The ocean rewards usable performance.
What to watch next:
The next few months will be extremely important.
First, watch Malizia’s launch and early sailing. How quickly does the team get the boat on the water? How much testing can they do before the next major events? Does Boris look immediately confident, or does the boat clearly need a long learning curve?
Second, watch the cockpit solutions. Modern IMOCA cockpits are no longer just places to steer. They are survival capsules, control centres and workstations. Protection, visibility, steering access, trimming layout and rest management all matter. The cockpit may be one of the most important hidden battlegrounds of this design cycle.

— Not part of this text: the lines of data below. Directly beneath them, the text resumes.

lemma qform_realign_max_entangled:
  "qform (k * k) (mat_kernel (realign k A)) (max_entangled k) = (\<Sum>p<k * k. A $$ (p, p))"
  unfolding qform_max_entangled sum_lessThan_mult_nat
  by (intro sum.cong refl) (simp add: realign_def mat_kernel_def mult_add_less_mult_nat)

lemma takes_positive_value_ptrans:
  assumes "is_state k g" "g \<noteq> 0\<^sub>m (k * k) (k * k)"
  shows "takes_positive_value (k * k) (mat_kernel (ptrans k g))"
proof -
  obtain a where "a < k * k" "Im (g $$ (a, a)) = 0" "0 < Re (g $$ (a, a))" using state_pos_diag[OF assms] by blast
  then show ?thesis unfolding takes_positive_value_def
    by (intro exI[of _ "\<lambda>p. if p = a then 1 else 0"]) (simp add: qform_unit mat_kernel_def ptrans_diag)
qed

lemma takes_positive_value_realign_ptrans:
  assumes "is_state k g" "g \<noteq> 0\<^sub>m (k * k) (k * k)"
  shows "takes_positive_value (k * k) (mat_kernel (realign k (ptrans k g)))"
  unfolding takes_positive_value_def
  using state_trace_pos[OF assms]
  by (intro exI[of _ "max_entangled k"]) (simp add: qform_realign_max_entangled ptrans_diag)

text \<open>For \<open>c = -1\<close> the positive trace would equal minus a nonnegative expectation value.\<close>
lemma realign_eigenvalue_state:
  assumes st: "is_state k g" and nz: "g \<noteq> 0\<^sub>m (k * k) (k * k)" and eig: "realign k g = c \<cdot>\<^sub>m g"
  shows "c = 1"
proof -
  have g: "g \<in> carrier_mat (k * k) (k * k)" "psd_kernel (k * k) (mat_kernel g)"
    using st psd_iff_psd_kernel unfolding is_state_def by blast+
  have "g = realign k (realign k g)" using realign_realign[OF g(1)] by simp
  also have "\<dots> = c \<cdot>\<^sub>m (c \<cdot>\<^sub>m g)" unfolding eig realign_smult[OF g(1)] eig ..
  finally have gcc: "g = c \<cdot>\<^sub>m (c \<cdot>\<^sub>m g)" .
  obtain i j where "i < k * k" "j < k * k" "g $$ (i, j) \<noteq> 0" using nonzero_mat_entry[OF g(1) nz] by blast
  moreover have "g $$ (i, j) = c * (c * g $$ (i, j))"
    using arg_cong[OF gcc, of "\<lambda>M. M $$ (i, j)"] g(1) \<open>i < k * k\<close> \<open>j < k * k\<close> by simp
  ultimately have "c * c = 1" by (simp add: mult.assoc[symmetric])
  then have "c = 1 \<or> c = -1" by (simp add: square_eq_1_iff)
  moreover have "(\<Sum>p<k * k. g $$ (p, p)) = c * qform (k * k) (mat_kernel g) (max_entangled k)"
  proof -
    have "qform (k * k) (mat_kernel (c \<cdot>\<^sub>m g)) (max_entangled k)
        = qform (k * k) (\<lambda>i j. c * mat_kernel g i j) (max_entangled k)"
      using g(1) by (intro qform_cong) (auto simp: mat_kernel_def)
    then show ?thesis using qform_realign_max_entangled[of k g] unfolding eig qform_scaled_kernel by simp
  qed
  ultimately show ?thesis using state_trace_pos[OF st nz] psd_kernel_qform[OF g(2), of "max_entangled k"] by auto
qed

Third, watch the foil behaviour. Ruyant and Malizia seem to represent a powerful but refined foil-assisted direction. DMG MORI seems to integrate the foils with a hull that wants to sail flatter and reduce wetted surface. When these boats are finally compared in anger, look not only at top speed but at stability, acceleration, control and recovery after slamming.
Fourth, watch how the boats perform in real sea state. Flat-water speed can be misleading. The Vendée Globe is not won on a perfectly flat speed strip. It is won in the messy, violent, inconsistent oceans of the real world.
And fifth, watch the skippers.
Because in the end, these are not remote-controlled prototypes. They are solo ocean racing machines. The sailor still has to sleep, eat, repair, navigate, trim, steer, think, survive and make decisions under exhaustion.
The road to Vendée Globe 2028 has already begun
The choices being made now will define the next cycle. Hull forms are being committed. Foil philosophies are being tested. Cockpit layouts are being built. Teams are deciding whether to refine the current generation or gamble on something more radical.
Boris Herrmann’s new Malizia will soon begin its real-world test programme.
Thomas Ruyant’s new boat is already showing us one possible future of refined foiling IMOCA design.
And DMG MORI Global One may be showing us something more disruptive — a possible glimpse of a flatter, smoother, more multihull-influenced future.
Three new hulls. Three different expressions of ambition.
But only the ocean will tell us which ideas are real.